My understanding of PROC UPLOAD is that it is performing a record-by-record upload of the file along with some conversions and checks, which is helpful in some ways, but not particularly fast. PROC COPY, on the other hand, will happily copy the file without being quite as careful to maintain things like indexes and constraints; but it will be much faster. You just have to define a libref for your server's files.

For example, I sign on to my server and assign it the 'unix' nickname. Then I define a library on it: libname uwork server=unix slibref=work;

Then I execute the following PROC COPY code, using a randomly generated 1e7 row datafile. Following that, I also RSUBMIT a PROC UPLOAD for comparison purposes.

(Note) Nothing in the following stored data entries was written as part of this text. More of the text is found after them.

(* Assume (V), (G1)–(G5). There is a constant $c>0$ such that for all $u\in E_{2,\mu}$, $$\int_{\mathbb R^N}G(x,u)\,dx\ \ge\ c\,\min\{|u|_{2,\mu}^2,\ |u|_{2,\mu}^\mu\}.$$
   Context: Let $N\ge1$, $2^*=\frac{2N}{N-2}$ if $N\ge3$, $2^*=\infty$ otherwise. $S=-\Delta+V$ with domain $H^2(\mathbb R^N)$; $G(x,u)=\int_0^ug(x,s)ds$. (V) $V\in C(\mathbb R^N,\mathbb R)$ 1-periodic in each $x_i$, $0\in\sigma(S)$, $(0,\beta]\cap\sigma(S)=\emptyset$ for some $\beta>0$. (G1) $g\in C(\mathbb R^N\times\mathbb R,\mathbb R)$ 1-periodic in each $x_i$. (G2) There are $a>0$, $2<\mu\le p<2^*$ with $|g(x,u)|\le a(|u|^{\mu-1}+|u|^{p-1})$. (G3) There is $b>0$ with $G(x,u)\ge b|u|^\mu$ for $|u|\le1$. (G4) $G(x,u)/|u|^2\to\infty$ uniformly in $x$ as $|u|\to\infty$. (G5) $u\mapsto g(x,u)/|u|$ strictly increasing on $(-\infty,0)$ and $(0,\infty)$. Spaces: $(P_\lambda)$ spectral family of $S$, $E^+=H^1\cap(\mathrm{id}-P_0)L^2$, $E'=H^1\cap P_0L^2$, $\|u\|_E^2=\int|\lambda|d|P_\lambda u|_2^2$; $L^{2,\mu}=L^2+L^\mu$ with norm $|v|_{2,\mu}=\inf\{|v_1|_2+|v_2|_\mu:v=v_1+v_2\}$; $E'_{2,\mu}$ the completion of $E'$ w.r.t. $(\|\cdot\|_E^2+|\cdot|_{2,\mu}^2)^{1/2}$; $E_{2,\mu}=E^+\oplus E'_{2,\mu}$ (continuously embedded in $L^{2,\mu}$). *)

theory Defs
  imports "HOL-Analysis.Analysis"
begin

definition prim :: "('x \<Rightarrow> real \<Rightarrow> real) \<Rightarrow> 'x \<Rightarrow> real \<Rightarrow> real" where
  "prim g x u = (if 0 \<le> u then integral {0..u} (g x) else - integral {u..0} (g x))"

definition in_Lp :: "real \<Rightarrow> ('a::euclidean_space \<Rightarrow> real) \<Rightarrow> bool" where
  "in_Lp q f \<longleftrightarrow> f \<in> borel_measurable lborel \<and> integrable lborel (\<lambda>x. \<bar>f x\<bar> powr q)"

definition Lp_norm :: "real \<Rightarrow> ('a::euclidean_space \<Rightarrow> real) \<Rightarrow> real" where
  "Lp_norm q f = (\<integral>x. \<bar>f x\<bar> powr q \<partial>lborel) powr (1 / q)"

definition in_L2mu :: "real \<Rightarrow> ('a::euclidean_space \<Rightarrow> real) \<Rightarrow> bool" where
  "in_L2mu \<mu> v \<longleftrightarrow> (\<exists>v1 v2. in_Lp 2 v1 \<and> in_Lp \<mu> v2 \<and> (\<forall>x. v x = v1 x + v2 x))"

definition L2mu_norm :: "real \<Rightarrow> ('a::euclidean_space \<Rightarrow> real) \<Rightarrow> real" where
  "L2mu_norm \<mu> v = Inf {Lp_norm 2 v1 + Lp_norm \<mu> v2 | v1 v2.
      in_Lp 2 v1 \<and> in_Lp \<mu> v2 \<and> (\<forall>x. v x = v1 x + v2 x)}"

end

theory Submission
  imports Defs
begin

text \<open>Split u into its large part (where |u| > 1) and its small part. By (G5) the primitive G
  grows at least quadratically beyond the unit interval, and by (G3) it dominates b|u|^\<mu> on it,
  so G(x,u) \<ge> b (|u_large|^2 + |u_small|^\<mu>) pointwise. For u = v1 + v2 with v1 \<in> L^2 and
  v2 \<in> L^\<mu>, the large part lies in L^2 and the small part in L^\<mu>, both dominated by
  4|v1|^2 + 2^\<mu>|v2|^\<mu>. Since |u|_{2,\<mu>} \<le> |u_large|_2 + |u_small|_\<mu>, comparing
  min(n^2, n^\<mu>) with the two integrals gives the claim.\<close>

lemma integral_ge_quadratic:
  fixes f :: "real \<Rightarrow> real" and b u :: real
  assumes cont: "continuous_on UNIV f" and f0: "f 0 = 0"
    and mono: "strict_mono_on {0<..} (\<lambda>u. f u / \<bar>u\<bar>)"
    and b: "b \<le> integral {0..1} f" and u: "1 \<le> u"
  shows "b * u\<^sup>2 \<le> integral {0..u} f"
proof -
  have int: "\<And>a c. f integrable_on {a..c}"
    by (rule integrable_continuous_real) (use cont continuous_on_subset in blast)
  have below_chord: "f s \<le> s * f 1" if "0 \<le> s" "s \<le> 1" for s
  proof (cases "s = 0 \<or> s = 1")
    case False
    have "f s / \<bar>s\<bar> < f 1 / \<bar>1\<bar>"
      by (rule strict_mono_onD[OF mono]) (use that False in auto)
    with False that show ?thesis by (simp add: field_simps)
  qed (use f0 in auto)
  have above_chord: "s * f 1 \<le> f s" if "1 \<le> s" for s
  proof (cases "s = 1")
    case False
    have "f 1 / \<bar>1\<bar> < f s / \<bar>s\<bar>"
      by (rule strict_mono_onD[OF mono]) (use that False in auto)
    with False that show ?thesis by (simp add: field_simps)
  qed simp
  define I where "I = integral {0..1} f"
  have "I \<le> integral {0..1} (\<lambda>s. s * f 1)"
    unfolding I_def
    by (rule integral_le[OF int]) (auto intro!: integrable_continuous_real continuous_intros below_chord)
  then have I_le: "I \<le> f 1 / 2" by simp
  have "integral {1..u} (\<lambda>s. s * f 1) \<le> integral {1..u} f"
    by (rule integral_le[OF _ int]) (auto intro!: integrable_continuous_real continuous_intros above_chord)
  then have tail: "f 1 * (u\<^sup>2 - 1) / 2 \<le> integral {1..u} f"
    using u by (simp add: mult.commute)
  have u2: "0 \<le> u\<^sup>2 - 1" using u by (simp add: one_le_power)
  have "b * u\<^sup>2 \<le> I * u\<^sup>2" using b I_def by (simp add: mult_right_mono)
  also have "\<dots> \<le> I + integral {1..u} f"
    using mult_right_mono[OF I_le u2] tail by (simp add: algebra_simps)
  also have "\<dots> = integral {0..u} f"
    unfolding I_def using Henstock_Kurzweil_Integration.integral_combine[where a=0 and c=1 and b=u and f=f] int u
    by simp
  finally show ?thesis .
qed

lemma prim_ge_quadratic:
  fixes g :: "'x \<Rightarrow> real \<Rightarrow> real"
  assumes cont: "continuous_on UNIV (g x)" and g0: "g x 0 = 0"
    and G3: "\<And>u. \<bar>u\<bar> \<le> 1 \<Longrightarrow> b * \<bar>u\<bar> powr \<mu> \<le> prim g x u"
    and G5: "strict_mono_on {0<..} (\<lambda>u. g x u / \<bar>u\<bar>) \<and>
             strict_mono_on {..<0} (\<lambda>u. g x u / \<bar>u\<bar>)"
    and u: "1 < \<bar>u\<bar>"
  shows "b * u\<^sup>2 \<le> prim g x u"
proof (cases "0 \<le> u")
  case True
  have "b \<le> integral {0..1} (g x)" using G3[of 1] by (simp add: prim_def)
  then show ?thesis
    using integral_ge_quadratic[OF cont g0 conjunct1[OF G5]] u True by (auto simp: prim_def)
next
  case False
  \<comment> \<open>reflect: f(s) = -g(x,-s) satisfies the hypotheses of the case u > 0\<close>
  define f where "f = (\<lambda>s. - g x (-s))"
  have f_cont: "continuous_on UNIV f" unfolding f_def
    by (intro continuous_intros continuous_on_compose2[OF cont]) auto
  have f_mono: "strict_mono_on {0<..} (\<lambda>u. f u / \<bar>u\<bar>)"
  proof (rule strict_mono_onI)
    fix r s :: real assume rs: "r \<in> {0<..}" "s \<in> {0<..}" "r < s"
    have "g x (-s) / \<bar>-s\<bar> < g x (-r) / \<bar>-r\<bar>"
      by (rule strict_mono_onD[OF conjunct2[OF G5]]) (use rs in auto)
    then show "f r / \<bar>r\<bar> < f s / \<bar>s\<bar>" using rs by (simp add: f_def)
  qed
  have f_integral: "integral {0..t} f = - integral {-t..0} (g x)" for t
  proof -
    have "integral {0..t} f = - integral {-0..-(-t)} (\<lambda>s. g x (-s))"
      by (simp only: f_def integral_neg minus_zero minus_minus)
    also have "\<dots> = - integral {-t..0} (g x)"
      by (simp only: Henstock_Kurzweil_Integration.integral_reflect_real)
    finally show ?thesis .
  qed
  have "b \<le> integral {0..1} f" using G3[of "-1"] by (simp add: prim_def f_integral)
  then have "b * (-u)\<^sup>2 \<le> integral {0..-u} f"
    using integral_ge_quadratic[OF f_cont _ f_mono, of b "-u"] u False by (simp add: f_def g0)
  then show ?thesis using False by (simp add: prim_def f_integral)
qed

definition large_part :: "('a \<Rightarrow> real) \<Rightarrow> 'a \<Rightarrow> real" where
  "large_part u x = (if 1 < \<bar>u x\<bar> then u x else 0)"

definition small_part :: "('a \<Rightarrow> real) \<Rightarrow> 'a \<Rightarrow> real" where
  "small_part u x = (if 1 < \<bar>u x\<bar> then 0 else u x)"

lemma large_part_plus_small_part: "large_part u x + small_part u x = u x"
  by (simp add: large_part_def small_part_def)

48   proc copy in=work out=uwork;
NOTE: Writing HTML Body file: sashtml.htm
49   select test;
50   run;

NOTE: Copying WORK.TEST to UWORK.TEST (memtype=DATA).
NOTE: There were 10000000 observations read from the data set WORK.TEST.
NOTE: The data set UWORK.TEST has 10000000 observations and 1 variables.
NOTE: PROCEDURE COPY used (Total process time):
      real time           13.07 seconds
      cpu time            1.93 seconds


51   rsubmit;
NOTE: Remote submit to UNIX commencing.
3    proc upload data=test;
4    run;


NOTE: Upload in progress from data=WORK.TEST to out=WORK.TEST
NOTE: 80000000 bytes were transferred at 1445217 bytes/second.
NOTE: The data set WORK.TEST has 10000000 observations and 1 variables.
NOTE: Uploaded 10000000 observations of 1 variables.
NOTE: The data set WORK.TEST has 10000000 observations and 1 variables.
NOTE: PROCEDURE UPLOAD used:
      real time           55.46 seconds
      cpu time            42.09 seconds


NOTE: Remote submit to UNIX complete.

PROC COPY is still not quite as fast as OS copying, but it's much closer in speed. PROC UPLOAD is actually quite a bit slower than even a regular data step, because it's doing some checking; in fact, here the data step is comparable to PROC COPY due to the simplicity of the dataset (and probably the fact that I have a 64k block size, meaning that a data step is using the server's 16k block size while PROC COPY presumably does not).

52   data uwork.test;
53   set test;
54   run;

NOTE: There were 10000000 observations read from the data set WORK.TEST.
NOTE: The data set UWORK.TEST has 10000000 observations and 1 variables.
NOTE: DATA statement used (Total process time):
      real time           12.60 seconds
      cpu time            1.66 seconds

In general in 'real world' situations, PROC COPY is faster than a data step, but both are faster than PROC UPLOAD - unless you need to use proc upload because of complexities in your situation (I have never seen a reason to, but I know it is possible). I think that PROC UPLOAD was more necessary in older versions of SAS but is largely unneeded now, but given my experience is fairly limited in terms of hardware setups this may not apply to your situation.

0
votes

FTP, if available from the source server, is much faster than proc upload or proc copy. These both operate on a record-by-record basis and can be CPU-bound over fast network connections, especially for very wide datasets. A single FTP transfer will attempt to use all available bandwidth, with negligible CPU cost.

This assumes that the destination server can use the unmodified transferred file - if not, the time required to make it usable might negate the increased transfer speed of FTP.